ABN Amro stelt in haar nieuwste Sectorprognoses dat de industrie kwetsbaar is door vergrijzing en gebrek aan opvolgers.
De industrie kreeg in 2025 tegenwind van de door de Amerikaanse president Trump ontketende handelsoorlog, die heeft geleid tot toenemende concurrentie uit China en een voortdurende malaise in Duitsland, de belangrijkste exportmarkt. Maar de Nederlandse industrie laat de grootste schok van de handelsoorlog volgend jaar achter zich. Eerder uitgestelde investeringsplannen worden nu alsnog doorgezet, wat de vraag naar (chip)machines aanjaagt. Wel hebben energie-intensieve branches zoals de chemische industrie het lastig door de hoge energieprijzen in Europa en Chinese concurrentie.

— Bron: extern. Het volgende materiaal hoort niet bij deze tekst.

lemma card_congr_pairs_eq_card_Lset:
  assumes hq: "q \<in> class_number_one" and "n \<in> Nset q"
  shows "card (congr_pairs q (n + 2 * (lam q)^2)) = card (unitsK q) * card (Lset q n)"
proof -
  define A where "A = n + 2 * (lam q)^2"
  define f :: "complex \<times> complex \<Rightarrow> complex" where "f = (\<lambda>(\<alpha>, \<beta>). \<alpha> * cnj \<beta>)"
  have "q > 0"
    using hq by auto
  obtain a b c d where "a * d - b * c = 1" and "n = Rg q a b c d"
    using assms(2) by (auto simp: Nset_def)
  then have "A - real q = normK (mat_beta q a b c d)"
    using normK_mat_alpha_beta(2)[OF \<open>q > 0\<close>] by (simp add: A_def lam_squared)
  moreover have "normK (mat_beta q a b c d) \<ge> 0"
    by (simp add: normK_def)
  ultimately have "A > 0"
    using \<open>q > 0\<close> by linarith
  have "card {y \<in> congr_pairs q A. f y = f x} = card (unitsK q)" if "x \<in> congr_pairs q A" for x
  proof -
    obtain \<alpha> \<beta> where x: "x = (\<alpha>, \<beta>)"
      by (cases x)
    then have "\<alpha> \<noteq> 0"
      using that \<open>A > 0\<close> by (auto simp: congr_pairs_def OK_norm_def normK_def)
    then have "inj_on (\<lambda>e. (e * \<alpha>, e * \<beta>)) (unitsK q)"
      by (auto intro: inj_onI)
    then show ?thesis
      using congr_pairs_fibre[OF hq \<open>A > 0\<close>] that by (simp add: x f_def card_image)
  qed
  then have "card (congr_pairs q A) = card (unitsK q) * card (f ` congr_pairs q A)"
    by (rule card_eq_mult_card_image[OF finite_congr_pairs[OF \<open>q > 0\<close>]])
  moreover have "card (Lset q n) = card (f ` congr_pairs q A)"
    unfolding Lset_eq_image_congr_pairs[OF hq] A_def f_def
    by (rule card_image) (auto intro: inj_onI simp: complex_eq_iff)
  ultimately show ?thesis
    by (simp add: A_def)
qed

section \<open>Binary quadratic forms modulo small numbers\<close>

text \<open>The norm form of \<open>O\<^sub>K\<close> in the basis \<open>1, z\<^sub>q\<close> is \<open>u\<^sup>2 + r\<^sup>2\<close> for \<open>q = 4\<close>,
  \<open>u\<^sup>2 + 2r\<^sup>2\<close> for \<open>q = 8\<close> and \<open>u\<^sup>2 + ur + n r\<^sup>2\<close> with \<open>4n = q + 1\<close> for odd \<open>q\<close>.\<close>

lemma square_mod_4: "(x::int)^2 mod 4 = (if even x then 0 else 1)"
proof (cases "even x")
  case True
  then obtain k where "x = 2 * k"
    by blast
  then show ?thesis
    by (simp add: power2_eq_square)
next
  case False
  then obtain k where "x = 2 * k + 1"
    by (metis oddE)
  then have "x^2 = 4 * (k^2 + k) + 1"
    by (simp add: power2_eq_square algebra_simps)
  then show ?thesis
    using False by presburger
qed

lemma odd_square_mod_8:
  assumes "odd (x::int)"
  shows "x^2 mod 8 = 1"
proof -
  obtain k where k: "x = 2 * k + 1"
    using assms by (metis oddE)
  obtain j where "k * (k + 1) = 2 * j"
    by (metis evenE even_mult_iff odd_add odd_one)
  then have "x^2 = 8 * j + 1"
    using k by (simp add: power2_eq_square algebra_simps)
  then show ?thesis
    by presburger
qed

lemma even_square_mod_16:
  assumes "even (x::int)"
  shows "x^2 mod 16 = (if 4 dvd x then 0 else 4)"
proof -
  obtain k where k: "x = 2 * k"
    using assms by blast
  then have "x^2 mod 16 = 4 * (k^2 mod 4)"
    using mod_mult_mult1[of 4 "k^2" 4] by (simp add: power2_eq_square)
  moreover have "4 dvd x \<longleftrightarrow> even k"
    using k by auto
  ultimately show ?thesis
    using square_mod_4[of k] by auto
qed

lemma norm_form_4_congr:
  fixes u r t w k :: int
  assumes "u^2 + r^2 = k" and "t^2 + w^2 = k - 4" and "even k"
  shows "even (u - t) \<and> even (r - w)"
proof -
  have "even (u^2 + r^2)" "even (t^2 + w^2)"
    using assms by simp_all
  then have "even (u + r)" "even (t + w)"
    by simp_all
  moreover have "k mod 4 = (u^2 mod 4 + r^2 mod 4) mod 4" "(k - 4) mod 4 = (t^2 mod 4 + w^2 mod 4) mod 4"
    using assms(1,2) by (simp_all add: mod_add_eq)
  ultimately have "k mod 4 = (if odd u then 2 else 0)" "(k - 4) mod 4 = (if odd t then 2 else 0)"
    using square_mod_4 by (auto simp: even_add)
  moreover have "(k - 4) mod 4 = k mod 4"
    by presburger
  ultimately have "odd u \<longleftrightarrow> odd t"
    by (auto split: if_splits)
  with \<open>even (u + r)\<close> \<open>even (t + w)\<close> show ?thesis
    by presburger
qed

lemma norm_form_4_congr_alt:
  fixes u r t w k :: int
  assumes "u^2 + r^2 = k" and "t^2 + w^2 = k - 4" and "odd k"
  shows "(even (u - t) \<and> even (r - w)) \<longleftrightarrow> \<not> (even (u + w) \<and> even (r - t))"
proof -
  have "odd (u^2 + r^2)" "odd (t^2 + w^2)"
    using assms by simp_all
  then have "odd (u + r)" "odd (t + w)"
    by simp_all
  then show ?thesis
    by presburger
qed

lemma norm_form_8_even:
  fixes u r k :: int
  assumes k: "u^2 + 2 * r^2 = k" and "even k"
  shows "even u" and "k mod 4 = (if odd r then 2 else 0)"
    and "odd r \<Longrightarrow> k mod 16 = 2 \<or> k mod 16 = 6"
    and "even r \<Longrightarrow> k mod 8 = (if 4 dvd u then 0 else 4)"
proof -
  have "even (u^2 + 2 * r^2)"
    using assms by simp
  then show u: "even u"
    by simp
  have "k mod 4 = (u^2 mod 4 + (2 * r^2) mod 4) mod 4"
    using k by (simp add: mod_add_eq)
  moreover have "(2 * r^2) mod 4 = 2 * (r^2 mod 2)"
    using mod_mult_mult1[of 2 "r^2" 2] by simp
  ultimately show "k mod 4 = (if odd r then 2 else 0)"
    using square_mod_4[of u] u by (auto simp: odd_iff_mod_2_eq_one[symmetric])
  show "k mod 16 = 2 \<or> k mod 16 = 6" if r: "odd r"
  proof -
    have "k mod 16 = (u^2 mod 16 + (2 * r^2) mod 16) mod 16"
      using k by (simp add: mod_add_eq)
    moreover have "(2 * r^2) mod 16 = 2"
      using mod_mult_mult1[of 2 "r^2" 8] odd_square_mod_8[OF r] by simp
    ultimately show ?thesis
      using even_square_mod_16[OF u] by (auto split: if_splits)
  qed
  show "k mod 8 = (if 4 dvd u then 0 else 4)" if r: "even r"
  proof -
    obtain j where "r = 2 * j"
      using r by blast
    then have "k = u^2 + 8 * j^2"
      using k by (simp add: power2_eq_square)
    then have "k mod 8 = (u^2 mod 16) mod 8"
      by (simp add: mod_mod_cancel)
    then show ?thesis
      using even_square_mod_16[OF u] by auto
  qed
qed

lemma norm_form_8_congr:
  fixes u r t w k :: int
  assumes k: "u^2 + 2 * r^2 = k" and k8: "t^2 + 2 * w^2 = k - 8" and "even k"
  shows "4 dvd (u - t) \<and> even (r - w)"
proof -
  have "even (k - 8)"
    using \<open>even k\<close> by simp
  note K = norm_form_8_even[OF k \<open>even k\<close>] and K8 = norm_form_8_even[OF k8 \<open>even (k - 8)\<close>]
  have "(k - 8) mod 4 = k mod 4" "(k - 8) mod 8 = k mod 8"
    by presburger+
  then have rw: "odd r \<longleftrightarrow> odd w"
    using K(2) K8(2) by (auto split: if_splits)
  have "even r"
  proof (rule ccontr)
    assume "odd r"
    then have "k mod 16 = 2 \<or> k mod 16 = 6" "(k - 8) mod 16 = 2 \<or> (k - 8) mod 16 = 6"
      using K(3) K8(3) rw by auto
    then show False
      by presburger
  qed
  then have "4 dvd u \<longleftrightarrow> 4 dvd t"
    using K(4) K8(4) rw \<open>(k - 8) mod 8 = k mod 8\<close> by (auto split: if_splits)
  then show ?thesis
    using K(1) K8(1) \<open>even r\<close> rw by presburger
qed

lemma norm_form_8_congr_alt:
  fixes u r t w k :: int
  assumes k: "u^2 + 2 * r^2 = k" and k8: "t^2 + 2 * w^2 = k - 8" and "odd k"
  shows "(4 dvd (u - t) \<and> even (r - w)) \<longleftrightarrow> \<not> (4 dvd (u + t) \<and> even (r + w))"
proof -
  have mod8: "m mod 8 = (if odd y then 3 else 1)" if "x^2 + 2 * y^2 = m" and "odd m" for x y m :: int
  proof -
    have "odd (x^2 + 2 * y^2)"
      using that by simp
    then have "odd x"
      by simp
    have "m mod 8 = (x^2 mod 8 + (2 * y^2) mod 8) mod 8"
      using that(1) by (simp add: mod_add_eq)
    moreover have "(2 * y^2) mod 8 = 2 * (y^2 mod 4)"
      using mod_mult_mult1[of 2 "y^2" 4] by simp
    ultimately show ?thesis
      using odd_square_mod_8[OF \<open>odd x\<close>] square_mod_4[of y] by auto
  qed
  have "odd (u^2 + 2 * r^2)" "odd (t^2 + 2 * w^2)"
    using assms by simp_all
  then have "odd u" "odd t"
    by simp_all
  have "k mod 8 = (if odd r then 3 else 1)" "(k - 8) mod 8 = (if odd w then 3 else 1)"
    using mod8[OF k] mod8[OF k8] \<open>odd k\<close> by simp_all
  moreover have "(k - 8) mod 8 = k mod 8"
    by presburger
  ultimately have "odd r \<longleftrightarrow> odd w"
    by (auto split: if_splits)
  with \<open>odd u\<close> \<open>odd t\<close> show ?thesis
    by presburger
qed

lemma norm_form_odd_square:
  fixes q n u r k :: int
  assumes "4 * n = q + 1" and "u^2 + u * r + n * r^2 = k"
  shows "(2 * u + r)^2 = 4 * k - q * r^2"
proof -
  have "(2 * u + r)^2 = 4 * (u^2 + u * r + n * r^2) - (4 * n - 1) * r^2"
    by (simp add: power2_eq_square algebra_simps)
  then show ?thesis
    using assms by simp
qed

lemma norm_form_odd_congr:
  fixes q n u r t w k :: int
  assumes "prime q" and n: "4 * n = q + 1" and "q dvd k"
    and k: "u^2 + u * r + n * r^2 = k" and kq: "t^2 + t * w + n * w^2 = k - q"
  shows "q dvd 2 * (u - t) + (r - w)"
proof -
  have "q dvd 4 * k - q * r^2" "q dvd 4 * (k - q) - q * w^2"
    using \<open>q dvd k\<close> by simp_all
  then have "q dvd (2 * u + r)^2" "q dvd (2 * t + w)^2"
    by (simp_all only: norm_form_odd_square[OF n k] norm_form_odd_square[OF n kq])
  then have "q dvd (2 * u + r) - (2 * t + w)"
    using prime_dvd_power[OF \<open>prime q\<close>] by (simp add: dvd_diff)
  then show ?thesis
    by (simp add: algebra_simps)
qed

Industrie kwetsbaar door vergrijzing
ABN Amro stelt in haar nieuwste Sectorprognoses dat de industrie kwetsbaar is door vergrijzing en gebrek aan opvolgers. De bank deed samen met Ipsos I&O onderzoek naar bedrijfsopvolging onder 519 ondernemers in verschillende sectoren. Bijna zes op de tien (59 procent) directeur-grootaandeelhouders in de industrie denkt eraan de onderneming binnen tien jaar over te dragen. De helft van hen (50 procent) is al op zoek naar een opvolger, maar weet nog niet wie.
Hogere eisen OEM’ers
Nederland kent toonaangevende Original Equipment Manufacturers (OEM’ers), zoals chipmachinefabrikant ASML en tal van andere producenten, bijvoorbeeld van machines voor de agrarische sector en de voedingsmiddelenindustrie. Duizenden ondernemingen zijn vooral actief als toeleverancier van deze OEM’ers. Deze OEM’ers stellen de laatste jaren steeds hogere eisen. Onderdelen moeten bijvoorbeeld sneller worden geleverd, op de nanometer nauwkeurig worden geproduceerd en nagemeten. Soms nemen leveranciers ook het ontwerp van onderdelen volgens bepaalde specificaties voor hun rekening. Dat alles liefst ook cyberveilig, digitaal en bovendien tegen lagere kosten.
Professioneel management steeds belangrijker
Dit stelt hoge eisen aan die doorgaans kleine en middelgrote industriële toeleveranciers. Gelukkig zijn de meesten dat wel gewend, want ze moeten vaak al decennia steeds innoveren om de internationale concurrentie voor te blijven. De complexiteit van producten en technologie neemt echter snel toe, net als de kwaliteit die concurrenten uit bijvoorbeeld Polen of China kunnen leveren, vaak tegen lagere kosten.
Professioneel management wordt daardoor steeds belangrijker. Dat is echter moeilijk te vinden, zeker indien de directeur-grootaandeelhouder van plan is met pensioen te gaan. In het bedrijfsleven als geheel is het gebruikelijker dat een familielid het bedrijf overneemt (gemiddeld 22 procent), maar in de industrie komt dat veel minder voor (15 procent), mogelijk door de hoge eisen waaraan een bedrijfsleider moet voldoen.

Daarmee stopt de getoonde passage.